Introduction to classical system engineering and associated methods, tools and practices, with application experienced through team-based, interdisciplinary design projects. Students build life-long learning skills while working in self-directed teams to gain knowledge across topics that include the System Engineering V-model, human-centered design, modeling and optimization, Design for X, sustainability, risk management and human decision making.

Course Outline

IE 4490A/B, IE 4491A/B - Integrated Engineering Research Project

This course is designed to provide undergraduate students with an introduction to engineering research, with the intent of encouraging them to continue to graduate school. Individual students are paired with a single instructor and provided with a range of research projects to choose from based on their shared interests. The projects are scaled so that they can be completed by a single student within a term of hard work, with the intent to publish at the end. The student and instructor collaborate to develop a specific project outline. Students start with a literature review, a basic outline of research attack and methodology, do the experiment or simulation and then write it up with the assistance of the instructor. Weekly meetings with the instructor provide guidance. By the end the course, students will have gained an understanding of how engineering research is conducted, and it is expected that most will be able to publish the results of their work.
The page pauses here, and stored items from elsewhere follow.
(* Let $\mathcal{F}_1,\dots,\mathcal{F}_k$ be finite nonempty families of convex sets in $\mathbb{R}^d$ with $n_i=|\mathcal{F}_i|$, let $b\in\mathbb{R}^d$, let $\alpha\in(0,1]$ and $\beta=1-(1-\alpha)^{1/k}$. Assume that for at least an $\alpha$ fraction of the $\prod_{i=1}^k n_i$ transversals $\mathcal{T}$ of $\mathcal{F}_1,\dots,\mathcal{F}_k$, the set $K(\mathcal{T})$ has a point in $B(b,1)$. Then there exist $q\in\mathbb{R}^d$ and $i\in[k]$ such that at least $\beta n_i$ elements of $\mathcal{F}_i$ intersect the ball $B(q,1/\sqrt k)$.
   Context: A transversal of $\mathcal{F}_1,\dots,\mathcal{F}_k$ is $\mathcal{T}=(K_1,\dots,K_k)$ with $K_i\in\mathcal{F}_i$ for all $i$, and $K(\mathcal{T})=\bigcap_{i=1}^kK_i$. $B(p,\rho)$ is the closed Euclidean ball of centre $p$ and radius $\rho$. *)

theory Defs
  imports "HOL-Analysis.Analysis"
begin

text \<open>Families are indexed: family i (for i < k) is F i 0, ..., F i (n i - 1),
  so repeated members are allowed. A transversal is a choice function
  t with t i < n i for all i < k; its member sets are F i (t i).\<close>

definition transversals :: "nat \<Rightarrow> (nat \<Rightarrow> nat) \<Rightarrow> (nat \<Rightarrow> nat) set" where
  "transversals k n = (\<Pi>\<^sub>E i\<in>{..<k}. {..<n i})"

definition Ktr :: "nat \<Rightarrow> (nat \<Rightarrow> nat \<Rightarrow> 'a set) \<Rightarrow> (nat \<Rightarrow> nat) \<Rightarrow> 'a set" where
  "Ktr k F t = (\<Inter>i\<in>{..<k}. F i (t i))"

end

theory Submission
  imports Defs
begin

text \<open>Fix a transversal \<open>(K\<^sub>1, \<dots>, K\<^sub>k)\<close> and put \<open>y\<^sub>1 = b\<close>, \<open>y\<^sub>i\<^sub>+\<^sub>1\<close> = the
  nearest point of \<open>cl K\<^sub>i\<close> to \<open>y\<^sub>i\<close>. Projection onto a convex set containing \<open>x\<close> makes an
  obtuse angle, so \<open>|y\<^sub>i - x|\<^sup>2 \<ge> |y\<^sub>i - y\<^sub>i\<^sub>+\<^sub>1|\<^sup>2 + |y\<^sub>i\<^sub>+\<^sub>1 - x|\<^sup>2\<close>. If every \<open>K\<^sub>i\<close>
  missed \<open>B(y\<^sub>i, 1/\<surd>k)\<close> and \<open>x \<in> K(T) \<inter> B(b, 1)\<close>, the first \<open>k - 1\<close> steps would each cost
  \<open>1/k\<close> and \<open>|y\<^sub>k - x| > 1/\<surd>k\<close>, contradicting \<open>|b - x| \<le> 1\<close>. Since \<open>y\<^sub>i\<close> depends
  only on \<open>K\<^sub>1, \<dots>, K\<^sub>i\<^sub>-\<^sub>1\<close>, if every ball of radius \<open>1/\<surd>k\<close> met fewer than \<open>\<beta> n\<^sub>i\<close>
  members of \<open>F\<^sub>i\<close>, choosing the \<open>K\<^sub>i\<close> one after another would give more than
  \<open>(1 - \<beta>)\<^sup>k \<Prod> n\<^sub>i = (1 - \<alpha>) \<Prod> n\<^sub>i\<close> transversals in which every \<open>K\<^sub>i\<close> misses its ball,
  leaving fewer than \<open>\<alpha> \<Prod> n\<^sub>i\<close> for those with \<open>K(T) \<inter> B(b, 1) \<noteq> {}\<close>.\<close>

lemma closest_point_dist_sq_add_le:
  fixes S :: "'a::{real_inner,heine_borel} set"
  assumes "convex S" "closed S" "z \<in> S"
  shows "(dist a (closest_point S a))\<^sup>2 + (dist (closest_point S a) z)\<^sup>2 \<le> (dist a z)\<^sup>2"
proof -
  let ?p = "closest_point S a"
  have obtuse: "inner (a - ?p) (z - ?p) \<le> 0"
    using closest_point_dot[OF assms] .
  have "a - z = (a - ?p) - (z - ?p)" by simp
  then have "(dist a z)\<^sup>2 = (dist a ?p)\<^sup>2 + (dist ?p z)\<^sup>2 - 2 * inner (a - ?p) (z - ?p)"
    by (simp add: dist_norm power2_norm_eq_inner inner_diff inner_commute norm_minus_commute)
  with obtuse show ?thesis by linarith
qed

primrec proj_seq :: "(nat \<Rightarrow> 'a::{real_inner,heine_borel} set) \<Rightarrow> 'a \<Rightarrow> nat \<Rightarrow> 'a" where
  "proj_seq C b 0 = b"
| "proj_seq C b (Suc i) = closest_point (closure (C i)) (proj_seq C b i)"

lemma proj_seq_cong: "(\<And>j. j < i \<Longrightarrow> C j = C' j) \<Longrightarrow> proj_seq C b i = proj_seq C' b i"
  by (induction i) auto

lemma proj_seq_meets_cball:
  fixes C :: "nat \<Rightarrow> 'a::{real_inner,heine_borel} set"
  assumes "0 < k" "0 \<le> r"
    and convex: "\<And>i. i < k \<Longrightarrow> convex (C i)"
    and common: "\<And>i. i < k \<Longrightarrow> x \<in> C i"
    and near: "dist b x \<le> sqrt (real k) * r"
  shows "\<exists>i<k. C i \<inter> cball (proj_seq C b i) r \<noteq> {}"
proof (rule ccontr)
  let ?y = "proj_seq C b"
  assume "\<not> ?thesis"
  then have miss: "C i \<inter> cball (?y i) r = {}" if "i < k" for i
    using that by blast
  have far: "r < dist (?y i) x" if "i < k" for i
    using miss[OF that] common[OF that] by (auto simp: not_le)
  have step: "r\<^sup>2 + (dist (?y (Suc i)) x)\<^sup>2 \<le> (dist (?y i) x)\<^sup>2" if "i < k" for i
  proof -
    have x_cl: "x \<in> closure (C i)"
      using common[OF that] closure_subset by blast
    then have "?y (Suc i) \<in> closure (C i)"
      using closest_point_in_set[OF closed_closure, of "C i"] by force
    moreover have "ball (?y i) r \<inter> closure (C i) = {}"
      using miss[OF that] ball_subset_cball open_Int_closure_eq_empty[OF open_ball] by blast
    ultimately have "r \<le> dist (?y i) (?y (Suc i))"
      unfolding disjoint_iff mem_ball not_less[symmetric] by blast
    then have "r\<^sup>2 \<le> (dist (?y i) (?y (Suc i)))\<^sup>2"
      using \<open>0 \<le> r\<close> by (simp add: power_mono)
    moreover have "(dist (?y i) (?y (Suc i)))\<^sup>2 + (dist (?y (Suc i)) x)\<^sup>2 \<le> (dist (?y i) x)\<^sup>2"
      using closest_point_dist_sq_add_le[OF convex_closure[OF convex[OF that]] closed_closure x_cl]
      by simp
    ultimately show ?thesis by linarith
  qed
  have descent: "real m * r\<^sup>2 + (dist (?y m) x)\<^sup>2 \<le> (dist b x)\<^sup>2" if "m < k" for m
    using that
  proof (induction m)
    case 0
    then show ?case by simp
  next
    case (Suc m)
    then show ?case using step[of m] by (simp add: algebra_simps)
  qed
  have "r\<^sup>2 < (dist (?y (k - 1)) x)\<^sup>2"
    using far[of "k - 1"] \<open>0 < k\<close> \<open>0 \<le> r\<close> by (simp add: power_strict_mono)
  with descent[of "k - 1"] \<open>0 < k\<close> have "real k * r\<^sup>2 < (dist b x)\<^sup>2"
    by (simp add: of_nat_diff algebra_simps)
  moreover have "(dist b x)\<^sup>2 \<le> real k * r\<^sup>2"
    using power_mono[OF near zero_le_dist, of 2] by (simp add: power_mult_distrib)
  ultimately show False by linarith
qed

lemma prod_le_card_PiE_sequential:
  fixes P :: "(nat \<Rightarrow> nat) \<Rightarrow> nat \<Rightarrow> bool" and a :: "nat \<Rightarrow> nat"
  assumes causal: "\<And>t t' i. (\<And>j. j \<le> i \<Longrightarrow> t j = t' j) \<Longrightarrow> P t i = P t' i"
    and choices: "\<And>t i. i < m \<Longrightarrow> a i \<le> card {j. j < n i \<and> P (t(i := j)) i}"
  shows "(\<Prod>i<m. a i) \<le> card {t \<in> (\<Pi>\<^sub>E i\<in>{..<m}. {..<n i}). \<forall>i<m. P t i}"
  using choices
proof (induction m)
  case 0
  have "{t \<in> (\<Pi>\<^sub>E i\<in>{..<0::nat}. {..<n i}). \<forall>i<0. P t i} = {\<lambda>_. undefined}"
    by auto
  then show ?case by simp
next
  case (Suc m)
  define S where "S = {t \<in> (\<Pi>\<^sub>E i\<in>{..<m}. {..<n i}). \<forall>i<m. P t i}"
  define S' where "S' = {t \<in> (\<Pi>\<^sub>E i\<in>{..<Suc m}. {..<n i}). \<forall>i<Suc m. P t i}"
  define J where "J s = {j. j < n m \<and> P (s(m := j)) m}" for s
  let ?extend = "\<lambda>(s, j). s(m := j)"
  have "finite S'"
    unfolding S'_def by (auto intro!: finite_PiE)
  moreover have "?extend ` (SIGMA s:S. J s) \<subseteq> S'"
  proof safe
    fix s j assume s: "s \<in> S" and j: "j \<in> J s"
    have "P (s(m := j)) i = P s i" if "i < m" for i
      using that by (intro causal) auto
    with s j show "s(m := j) \<in> S'"
      unfolding S_def S'_def J_def by (auto simp: PiE_iff less_Suc_eq extensional_def)
  qed
  ultimately have "card (?extend ` (SIGMA s:S. J s)) \<le> card S'"
    by (rule card_mono)
  moreover have "inj_on ?extend (SIGMA s:S. J s)"
  proof (rule inj_onI, clarsimp)
    fix s j s' j' assume "s \<in> S" "s' \<in> S" and eq: "s(m := j) = s'(m := j')"
    then have "s m = s' m"
      unfolding S_def by (auto simp: PiE_iff extensional_def)
    then show "s = s' \<and> j = j'"
      using eq by (metis fun_upd_triv fun_upd_upd fun_upd_same)
  qed
  moreover have "card S * a m \<le> card (SIGMA s:S. J s)"
  proof -
    have "card S * a m = (\<Sum>s\<in>S. a m)" by simp
    also have "\<dots> \<le> (\<Sum>s\<in>S. card (J s))"
      unfolding J_def by (intro sum_mono Suc.prems) simp
    also have "\<dots> = card (SIGMA s:S. J s)"
      unfolding S_def J_def by (simp add: card_SigmaI finite_PiE)
    finally show ?thesis .
  qed
  moreover have "(\<Prod>i<m. a i) \<le> card S"
    unfolding S_def using Suc by simp
  ultimately show ?case
    unfolding S'_def by (simp add: card_image) (meson le_trans mult_le_mono1)
qed

lemma card_transversals_avoiding_gt:
  fixes F :: "nat \<Rightarrow> nat \<Rightarrow> 'a::metric_space set" and c :: "(nat \<Rightarrow> nat) \<Rightarrow> nat \<Rightarrow> 'a"
  assumes "0 < k" "\<beta> \<le> 1"
    and causal: "\<And>t t' i. (\<And>j. j < i \<Longrightarrow> t j = t' j) \<Longrightarrow> c t i = c t' i"
    and sparse: "\<And>i q. i < k \<Longrightarrow>
      real (card {j. j < n i \<and> F i j \<inter> cball q r \<noteq> {}}) < \<beta> * real (n i)"
  shows "(1 - \<beta>) ^ k * (\<Prod>i<k. real (n i))
    < real (card {t \<in> transversals k n. \<forall>i<k. F i (t i) \<inter> cball (c t i) r = {}})"
proof -
  \<comment> \<open>The least integer above \<open>(1 - \<beta>) n\<^sub>i\<close>: rounding up is what makes the final bound strict.\<close>
  define a where "a i = nat (\<lfloor>(1 - \<beta>) * real (n i)\<rfloor> + 1)" for i
  have many_miss: "(1 - \<beta>) * real (n i) < real (card {j. j < n i \<and> F i j \<inter> cball q r = {}})"
    if "i < k" for i q
  proof -
    let ?hit = "{j. j < n i \<and> F i j \<inter> cball q r \<noteq> {}}"
    have "{j. j < n i \<and> F i j \<inter> cball q r = {}} = {..<n i} - ?hit"
      by auto
    moreover have "?hit \<subseteq> {..<n i}"
      by auto
    moreover from this have "card ?hit \<le> n i"
      using card_mono[of "{..<n i}" ?hit] by simp
    ultimately have "real (card {j. j < n i \<and> F i j \<inter> cball q r = {}}) = real (n i) - real (card ?hit)"
      by (simp add: card_Diff_subset finite_subset of_nat_diff)
    with sparse[OF that, of q] show ?thesis
      by (simp add: left_diff_distrib)
  qed
  have nonneg: "0 \<le> (1 - \<beta>) * real (n i)" for i
    using \<open>\<beta> \<le> 1\<close> by simp
  have a_gt: "(1 - \<beta>) * real (n i) < real (a i)" for i
  proof -
    have "0 \<le> \<lfloor>(1 - \<beta>) * real (n i)\<rfloor> + 1"
      using nonneg[of i] by simp
    then show ?thesis
      unfolding a_def by simp
  qed
  have "(\<Prod>i<k. a i) \<le> card {t \<in> transversals k n. \<forall>i<k. F i (t i) \<inter> cball (c t i) r = {}}"
    unfolding transversals_def
  proof (rule prod_le_card_PiE_sequential)
    fix t t' :: "nat \<Rightarrow> nat" and i assume "\<And>j. j \<le> i \<Longrightarrow> t j = t' j"
    moreover from this have "c t i = c t' i"
      by (intro causal) simp
    ultimately show "(F i (t i) \<inter> cball (c t i) r = {}) = (F i (t' i) \<inter> cball (c t' i) r = {})"
      by simp
  next
    fix t :: "nat \<Rightarrow> nat" and i assume "i < k"
    let ?miss = "{j. j < n i \<and> F i j \<inter> cball (c t i) r = {}}"
    have "\<lfloor>(1 - \<beta>) * real (n i)\<rfloor> < int (card ?miss)"
      using many_miss[OF \<open>i < k\<close>] by (simp add: floor_less_iff)
    moreover have "c (t(i := j)) i = c t i" for j
      by (intro causal) simp
    ultimately show "a i \<le> card {j. j < n i \<and> F i ((t(i := j)) i) \<inter> cball (c (t(i := j)) i) r = {}}"
      unfolding a_def by (simp add: nat_le_iff)
  qed
  then have "(\<Prod>i<k. real (a i))
      \<le> real (card {t \<in> transversals k n. \<forall>i<k. F i (t i) \<inter> cball (c t i) r = {}})"
    by (simp flip: of_nat_prod)
  moreover have "(1 - \<beta>) ^ k * (\<Prod>i<k. real (n i)) < (\<Prod>i<k. real (a i))"
  proof -
    have "(1 - \<beta>) ^ k * (\<Prod>i<k. real (n i)) = (\<Prod>i<k. (1 - \<beta>) * real (n i))"
      by (simp add: prod.distrib)
    also have "\<dots> < (\<Prod>i<k. real (a i))"
    proof (rule prod_mono_strict)
      show "0 \<in> {..<k}" "finite {..<k}"
        using \<open>0 < k\<close> by simp_all
      show "(1 - \<beta>) * real (n 0) < real (a 0)"
        by (rule a_gt)
      show "0 \<le> (1 - \<beta>) * real (n i) \<and> (1 - \<beta>) * real (n i) \<le> real (a i)" for i
        using nonneg[of i] a_gt[of i] by simp
      show "0 < real (a i)" for i
        using nonneg[of i] a_gt[of i] by linarith
    qed
    finally show ?thesis .
  qed
  ultimately show ?thesis
    by linarith
qed

lemma finite_transversals: "finite (transversals k n)"
  unfolding transversals_def by (simp add: finite_PiE)

lemma card_transversals: "card (transversals k n) = (\<Prod>i<k. n i)"
  unfolding transversals_def by (simp add: card_PiE)

theorem theorem4p3:
  fixes F :: "nat \<Rightarrow> nat \<Rightarrow> 'a::euclidean_space set"
    and n :: "nat \<Rightarrow> nat" and k :: nat and b :: 'a and \<alpha> \<beta> :: real
  assumes k: "k \<ge> 1"
    and nonempty: "\<forall>i<k. n i \<ge> 1"
    and convex: "\<forall>i<k. \<forall>j<n i. convex (F i j)"
    and alpha: "0 < \<alpha>" "\<alpha> \<le> 1"
    and beta: "\<beta> = 1 - (1 - \<alpha>) powr (1 / real k)"
    and frac: "real (card {t \<in> transversals k n. Ktr k F t \<inter> cball b 1 \<noteq> {}})
                 \<ge> \<alpha> * (\<Prod>i<k. real (n i))"
  shows "\<exists>q i. i < k \<and>
           real (card {j. j < n i \<and> F i j \<inter> cball q (1 / sqrt (real k)) \<noteq> {}})
             \<ge> \<beta> * real (n i)"
proof (rule ccontr)
  define r where "r = 1 / sqrt (real k)"
  define G where "G = {t \<in> transversals k n. Ktr k F t \<inter> cball b 1 \<noteq> {}}"
  define A where "A = {t \<in> transversals k n.
    \<forall>i<k. F i (t i) \<inter> cball (proj_seq (\<lambda>i. F i (t i)) b i) r = {}}"
  assume "\<not> ?thesis"
  then have sparse: "real (card {j. j < n i \<and> F i j \<inter> cball q r \<noteq> {}}) < \<beta> * real (n i)"
    if "i < k" for i q
    using that not_le unfolding r_def by blast
  have "(1 - \<beta>) ^ k = 1 - \<alpha>"
    using k alpha unfolding beta by (simp add: powr_inverse_root)
  moreover have "(1 - \<beta>) ^ k * (\<Prod>i<k. real (n i)) < real (card A)"
    unfolding A_def using k sparse
    by (intro card_transversals_avoiding_gt) (auto intro!: proj_seq_cong simp: beta)
  ultimately have many_avoid: "(1 - \<alpha>) * (\<Prod>i<k. real (n i)) < real (card A)"
    by simp
  have "t \<notin> A" if t: "t \<in> G" for t
  proof -
    obtain x where "x \<in> Ktr k F t" "dist b x \<le> 1"
      using t unfolding G_def by auto
    with t have "\<exists>i<k. F i (t i) \<inter> cball (proj_seq (\<lambda>i. F i (t i)) b i) r \<noteq> {}"
      using k convex unfolding G_def r_def Ktr_def transversals_def
      by (intro proj_seq_meets_cball) auto
    then show ?thesis
      unfolding A_def by blast
  qed
  moreover have "G \<subseteq> transversals k n" "A \<subseteq> transversals k n"
    unfolding G_def A_def by auto
  ultimately have "card G + card A \<le> card (transversals k n)"
    using finite_transversals
    by (metis card_Un_disjoint card_mono disjoint_iff finite_subset le_sup_iff)
  then have "real (card G) + real (card A) \<le> (\<Prod>i<k. real (n i))"
    unfolding card_transversals by (metis of_nat_add of_nat_mono of_nat_prod)
  with frac many_avoid show False
    unfolding G_def[symmetric] by (simp add: left_diff_distrib)
qed

end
IE 4490A/B may be taken in any term and may be repeated for credit as IE 4491A/B, with the approval of the instructor and the undergraduate chair for the student’s engineering program.

 

Course Outline

IE 4499 - Interdisciplinary Eng Design Project

This is the capstone design course for Integrated Engineering students, and other Western Engineering students who may have an entrepreneurial design project to pursue. Students demonstrate their competencies in integrated engineering systems of two or more disciplines, with a defensible business case for the design. Students will develop reports, communication materials, and prototypes as they complete all phases of the design process, including: problem definition, generation and evaluation of concepts, engineering analysis and testing, and preparation of design documentation. Project management and communications skills will also be emphasized.